Hope for the best but plan for the worst. A genuinely anticipatory style of AI governance anticipates failure and success in equal measure. That is, in addition to seeking the best-case scenario for AI development and implementation, policy measures should emphasize preventing the worst potential outcomes. When considering a potential role for AI or a potential set of policies, stakeholders should war-game the most detrimental potential outcomes of that policy or AI development and, as needed, include measures to hedge against those outcomes. If acted upon in good faith, such an attitude does not need to stand at odds with the technical community’s right to experiment, explore and innovate.
Measure state capacity to adopt AI in a way that truly serves the common good. Metrics of state AI capacity or AI readiness should be expanded to include factors such as openness and transparency of institutions; freedom of civil society and the press; rule of law; economic equality; and educational attainment in other fields outside of science, technology, engineering and mathematics.
Subject AI applications and organizations to ex ante audits. Today, there is a strong evidential basis for the claim that some applications of AI simply are not worth pursuing, either because their benefits could never outweigh their harms or because we lack the technical or sociotechnical capacity to ensure that they will be ethical.
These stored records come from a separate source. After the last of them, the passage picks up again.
lemma conj_closed_generate:
  assumes "finite R" "R \<subseteq> carrier G" "S \<subseteq> carrier G"
    and closed: "\<And>s b. s \<in> S \<Longrightarrow> b \<in> R \<Longrightarrow> inv s \<otimes> b \<otimes> s \<in> R"
    and "h \<in> generate G S" "b \<in> R"
  shows "inv h \<otimes> b \<otimes> h \<in> R"
  using assms(5,6)
proof (induction arbitrary: b rule: generate.induct)
  case one
  then show ?case using assms(2) by auto
next
  case (incl s)
  then show ?case by (rule closed)
next
  case (inv s)
  \<comment> \<open>conjugation by \<open>s\<close> maps the finite set \<open>R\<close> injectively into itself, hence onto itself\<close>
  have s: "s \<in> carrier G" using inv.hyps assms(3) by auto
  let ?f = "\<lambda>b. inv s \<otimes> b \<otimes> s"
  have "inj_on ?f R"
  proof (rule inj_onI)
    fix b b' assume bb': "b \<in> R" "b' \<in> R" "?f b = ?f b'"
    then have "s \<otimes> ?f b \<otimes> inv s = s \<otimes> ?f b' \<otimes> inv s" by simp
    moreover have "b \<in> carrier G" "b' \<in> carrier G" using bb'(1,2) assms(2) by auto
    ultimately show "b = b'" using s by (simp add: m_assoc)
  qed
  moreover have "?f ` R \<subseteq> R"
    using closed[OF inv.hyps] by blast
  ultimately have "b \<in> ?f ` R"
    using endo_inj_surj[OF assms(1)] inv.prems by blast
  then obtain b' where b': "b' \<in> R" "b = ?f b'" by blast
  have "b' \<in> carrier G" using b'(1) assms(2) by auto
  then have "inv (inv s) \<otimes> b \<otimes> inv s = b'"
    unfolding b'(2) using s by (simp add: m_assoc)
  then show ?case using b'(1) by simp
next
  case (eng h1 h2)
  have h: "h1 \<in> carrier G" "h2 \<in> carrier G"
    using eng.hyps generate_in_carrier[OF assms(3)] by auto
  have "inv (h1 \<otimes> h2) \<otimes> b \<otimes> (h1 \<otimes> h2) = inv h2 \<otimes> (inv h1 \<otimes> b \<otimes> h1) \<otimes> h2"
    using h eng.prems assms(2) by (simp add: subsetD m_assoc inv_mult_group)
  then show ?case using eng.IH eng.prems by simp
qed

lemma word_eval_in_generate:
  "S \<subseteq> carrier G \<Longrightarrow> set w \<subseteq> S \<times> UNIV \<Longrightarrow> word_eval G w \<in> generate G S"
proof (induction w)
  case Nil
  then show ?case by (simp add: word_eval_def generate.one)
next
  case (Cons l w)
  obtain s b where l: "l = (s, b)" by force
  have "letter_eval G l \<in> generate G S"
    using Cons.prems l by (cases b) (auto intro: generate.incl generate.inv)
  then show ?case
    using Cons by (auto simp: word_eval_def intro: generate.eng)
qed

lemma generate_eq_carrier_if_words:
  assumes "S \<subseteq> carrier G" "\<forall>g \<in> carrier G. \<exists>w. set w \<subseteq> S \<times> UNIV \<and> word_eval G w = g"
  shows "generate G S = carrier G"
proof
  show "generate G S \<subseteq> carrier G" using generate_incl[OF assms(1)] .
  show "carrier G \<subseteq> generate G S"
  proof
    fix g assume "g \<in> carrier G"
    then obtain w where "set w \<subseteq> S \<times> UNIV" "word_eval G w = g" using assms(2) by blast
    then show "g \<in> generate G S" using word_eval_in_generate[OF assms(1)] by metis
  qed
qed

end

lemma tau_append [simp]: "tau A (u @ v) = tau A u + tau A v"
  unfolding tau_def by simp

lemma tau_replicate: "c \<in> A \<Longrightarrow> tau A (replicate k c) = k"
  unfolding tau_def by simp

lemma count_list_filter_mem: "c \<in> A \<Longrightarrow> count_list (filter (\<lambda>y. y \<in> A) u) c = count_list u c"
  by (induction u) auto

lemma tau_eq_sum_count_list:
  assumes "finite A"
  shows "tau A u = (\<Sum>c\<in>A. count_list u c)"
proof -
  have "tau A u = (\<Sum>c\<in>A. count_list (filter (\<lambda>y. y \<in> A) u) c)"
    unfolding tau_def using assms by (intro sum_count_set[symmetric]) auto
  also have "\<dots> = (\<Sum>c\<in>A. count_list u c)"
    by (simp add: count_list_filter_mem)
  finally show ?thesis .
qed

lemma count_list_gt_if_tau_gt:
  assumes "finite A" and "card A * p < tau A u"
  shows "\<exists>c\<in>A. p < count_list u c"
proof (rule ccontr)
  assume "\<not> ?thesis"
  then have "(\<Sum>c\<in>A. count_list u c) \<le> card A * p"
    using sum_bounded_above[of A "count_list u" p] by (simp add: not_less)
  with assms show False
    using tau_eq_sum_count_list[OF assms(1)] by simp
qed

lemma fact_step_append_context:
  "fact_step G Y a b \<Longrightarrow> fact_step G Y (u @ a @ v) (u @ b @ v)"
proof (induction rule: fact_step.induct)
  case (rel1 g1 g2 u' v')
  then show ?case using fact_step.rel1[of g1 Y g2 G "u @ u'" "v' @ v"] by simp
next
  case (rel2 g1 g2 u' v')
  then show ?case using fact_step.rel2[of g1 Y g2 G "u @ u'" "v' @ v"] by simp
qed

lemma fact_eq_append_context:
  "fact_eq G Y a b \<Longrightarrow> fact_eq G Y (u @ a @ v) (u @ b @ v)"
  unfolding fact_eq_def
  by (induction rule: equivclp_induct) (auto intro: equivclp_into_equivclp fact_step_append_context)

lemma fact_eq_append_left: "fact_eq G Y a b \<Longrightarrow> fact_eq G Y (u @ a) (u @ b)"
  using fact_eq_append_context[of G Y a b u "[]"] by simp

lemma fact_eq_append_right: "fact_eq G Y a b \<Longrightarrow> fact_eq G Y (a @ v) (b @ v)"
  using fact_eq_append_context[of G Y a b "[]" v] by simp

lemma fact_eq_refl [simp]: "fact_eq G Y a a"
  unfolding fact_eq_def by simp

lemma fact_eq_sym [sym]: "fact_eq G Y a b \<Longrightarrow> fact_eq G Y b a"
  unfolding fact_eq_def by (rule equivclp_sym)

lemma fact_eq_trans [trans]: "fact_eq G Y a b \<Longrightarrow> fact_eq G Y b c \<Longrightarrow> fact_eq G Y a c"
  unfolding fact_eq_def by (rule equivclp_trans)

lemma fact_step_imp_fact_eq: "fact_step G Y a b \<Longrightarrow> fact_eq G Y a b"
  unfolding fact_eq_def by blast

locale conj_closed_generators = group +
  fixes Y :: "'a set"
  assumes Y_carrier: "Y \<subseteq> carrier G"
    and finite_Y: "finite Y"
    and conj_closed: "\<And>g y. g \<in> carrier G \<Longrightarrow> y \<in> Y \<Longrightarrow> g \<otimes> y \<otimes> inv g \<in> Y"
    and generate_Y: "generate G Y = carrier G"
Yet, as noted above, the discourse often makes little room for a thoroughly anticipatory evaluation of potential risks. Therefore, one way to counteract AI risks is to establish pre-development assessments of a proposed system’s risks, and to weigh these against its expected benefits. In determining whether to engage in a particular government application of AI or to support the development by a private entity of an AI for a novel application (say through R&D grants), states could develop a process (perhaps executed by an independent body) that exhaustively evaluates:
- The anticipated net benefit of the system. This assessment must be based on a reasonable estimation of technical capacity (that is, an expected benefit cannot be contingent on an as yet unachieved technical breakthrough);
- The risks of the proposed system, both primary (e.g. what would happen if the system fails?) and secondary (e.g. would it require the creation or diffusion of a dataset that is vulnerable to abuse or attack?);
- Whether the entity that is developing and deploying the AI system has the appropriate sociotechnical capability/readiness to create a safe, fair system in a transparent and accountable manner;
- Whether the developing and deploying entity will have the capacity to consistently monitor, respond to, and be held accountable for unanticipated primary and secondary effects;
- Whether the system’s ethical problems have known clear solutions or would, instead, rely on unproven technical measures; and
- Whether non-technical or non-AI solutions (which have an existing regulatory infrastructure) could be used in place of the AI system to solve the same challenge with fewer risks.
Such evaluations would better enable states to predict and avoid risks and harms, and to focus more tightly on proven technologies and solutions. While there are certainly difficulties in anticipating all of the issues that AI might exhibit in real life, this process could be a valuable step in tempering strategies and policies that would otherwise encourage organizations to experiment with the technology as widely and quickly as possible, without regard for either the risks of doing so or the possibility that the system will not actually generate any gains.